> [What the task asks]
Pull every line with the word "finitely" out of the entries below.

(Stored data)

═══

(* Let $(\mathcal L,\mathcal M,\mathcal P)$ be a solution of the dispersionless $N$-modified KP hierarchy, with $v_m$ the coefficients of $\mathcal M$. Then $\mathcal P$ has the following expansion in powers of $\mathcal L$: \[ \mathcal P=\mathcal L^N\exp\Bigl(\sum_{m\ge1}\frac{-1}{m}\frac{\partial v_m}{\partial s}\mathcal L^{-m}\Bigr). \]
   Context: Fix a positive integer $N$. Let $x,s$ be variables and $t=(t_1,t_2,\dots)$. Consider formal Laurent series in $k$ with coefficients depending on $(x,t,s)$: $\mathcal L=k+\sum_{n\ge2}u_n(t;s)k^{1-n}$, $\mathcal M=\sum_{n\ge1}nt_n\mathcal L^{n-1}+x+Ns\mathcal L^{-1}+\sum_{i\ge1}v_i(t;s)\mathcal L^{-i-1}$, and the polynomial $\mathcal P=k^N+p_{N-1}k^{N-1}+\dots+p_0$. The Poisson bracket is $\{F,G\}=\frac{\partial F}{\partial k}\frac{\partial G}{\partial x}-\frac{\partial F}{\partial x}\frac{\partial G}{\partial k}$. For a Laurent series in $k$, $(\cdot)_{\ge0}$ is the polynomial part and $(\cdot)_{<0}$ the part with negative powers; $\mathcal B_n=(\mathcal L^n)_{\ge0}$. The dispersionless $N$-modified KP hierarchy is the system: $\partial\mathcal L/\partial t_n=\{\mathcal B_n,\mathcal L\}$, $\partial\mathcal M/\partial t_n=\{\mathcal B_n,\mathcal M\}$ ($n\ge1$), $\{\mathcal L,\mathcal M\}=1$, $(\partial\mathcal L/\partial s)\mathcal P=\{\mathcal P,\mathcal L\}$, $(\partial\mathcal M/\partial s)\mathcal P=\{\mathcal P,\mathcal M\}$, $-(\partial\mathcal B_n/\partial s)\mathcal P=-\partial\mathcal P/\partial t_n-\{\mathcal P,\mathcal B_n\}$ ($n\ge1$). *)

theory Defs
  imports "HOL-Analysis.Analysis" "HOL-Computational_Algebra.Formal_Laurent_Series"
begin

text \<open>A point is (x, t, s) with t :: nat => real; t n is the time t_n for n >= 1
(t 0 is an unused dummy).  The t-variables are restricted to finitely supported sequences, so
that the sum over n of n t_n L^(n-1) in M is a finite sum.
A formal Laurent series in k with finitely many positive and infinitely many negative powers of
k is represented as a real fls in the variable z = k^(-1); so k = fls_X_inv, k^j = fls_X_intpow (-j).\<close>

type_synonym pt = "real \<times> (nat \<Rightarrow> real) \<times> real"

definition ptdom :: "pt set" where
  "ptdom = {(x, t, s). finite {n. t n \<noteq> 0}}"

datatype var = VX | VS | VT nat

fun setv :: "var \<Rightarrow> pt \<Rightarrow> real \<Rightarrow> pt" where
  "setv VX (x, t, s) y = (y, t, s)"
| "setv VS (x, t, s) y = (x, t, y)"
| "setv (VT n) (x, t, s) y = (x, t(n := y), s)"

fun getv :: "var \<Rightarrow> pt \<Rightarrow> real" where
  "getv VX (x, t, s) = x"
| "getv VS (x, t, s) = s"
| "getv (VT n) (x, t, s) = t n"

definition admissible :: "var \<Rightarrow> bool" where
  "admissible w \<longleftrightarrow> (\<forall>n. w = VT n \<longrightarrow> 1 \<le> n)"

definition pder :: "var \<Rightarrow> (pt \<Rightarrow> real) \<Rightarrow> pt \<Rightarrow> real" where
  "pder w f p = deriv (\<lambda>y. f (setv w p y)) (getv w p)"

definition pdiffble :: "var \<Rightarrow> (pt \<Rightarrow> real) \<Rightarrow> pt \<Rightarrow> bool" where
  "pdiffble w f p \<longleftrightarrow> (\<lambda>y. f (setv w p y)) differentiable (at (getv w p))"

definition fpder :: "var \<Rightarrow> (pt \<Rightarrow> real fls) \<Rightarrow> pt \<Rightarrow> real fls" where
  "fpder w F p = Abs_fls (\<lambda>j. pder w (\<lambda>q. fls_nth (F q) j) p)"

text \<open>d/dk = - z^2 d/dz.\<close>
definition dk :: "real fls \<Rightarrow> real fls" where
  "dk A = - (fls_X ^ 2) * fls_deriv A"

definition pbr :: "(pt \<Rightarrow> real fls) \<Rightarrow> (pt \<Rightarrow> real fls) \<Rightarrow> pt \<Rightarrow> real fls" where
  "pbr F G p = dk (F p) * fpder VX G p - fpder VX F p * dk (G p)"

text \<open>Polynomial part in k (nonnegative powers of k = nonpositive powers of z).\<close>
definition kpos :: "real fls \<Rightarrow> real fls" where
  "kpos A = A - fps_to_fls (fls_regpart A) + fls_const (fls_nth A 0)"

text \<open>L = k + sum_{n>=2} u_n k^(1-n).\<close>
definition Lser :: "(nat \<Rightarrow> pt \<Rightarrow> real) \<Rightarrow> pt \<Rightarrow> real fls" where
  "Lser u p = fls_X_inv + fps_to_fls (Abs_fps (\<lambda>j. if j = 0 then 0 else u (j + 1) p))"

definition Pser :: "nat \<Rightarrow> (nat \<Rightarrow> pt \<Rightarrow> real) \<Rightarrow> pt \<Rightarrow> real fls" where
  "Pser N pc p = fls_X_intpow (- int N) + (\<Sum>j<N. fls_const (pc j p) * fls_X_intpow (- int j))"

text \<open>L^(-1) as a power series in z (it has z-valuation 1).\<close>
definition Wser :: "real fls \<Rightarrow> real fps" where
  "Wser L = fls_regpart (inverse L)"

═══

> [Answer to the problem]
(t 0 is an unused dummy).  The t-variables are restricted to finitely supported sequences, so
A formal Laurent series in k with finitely many positive and infinitely many negative powers of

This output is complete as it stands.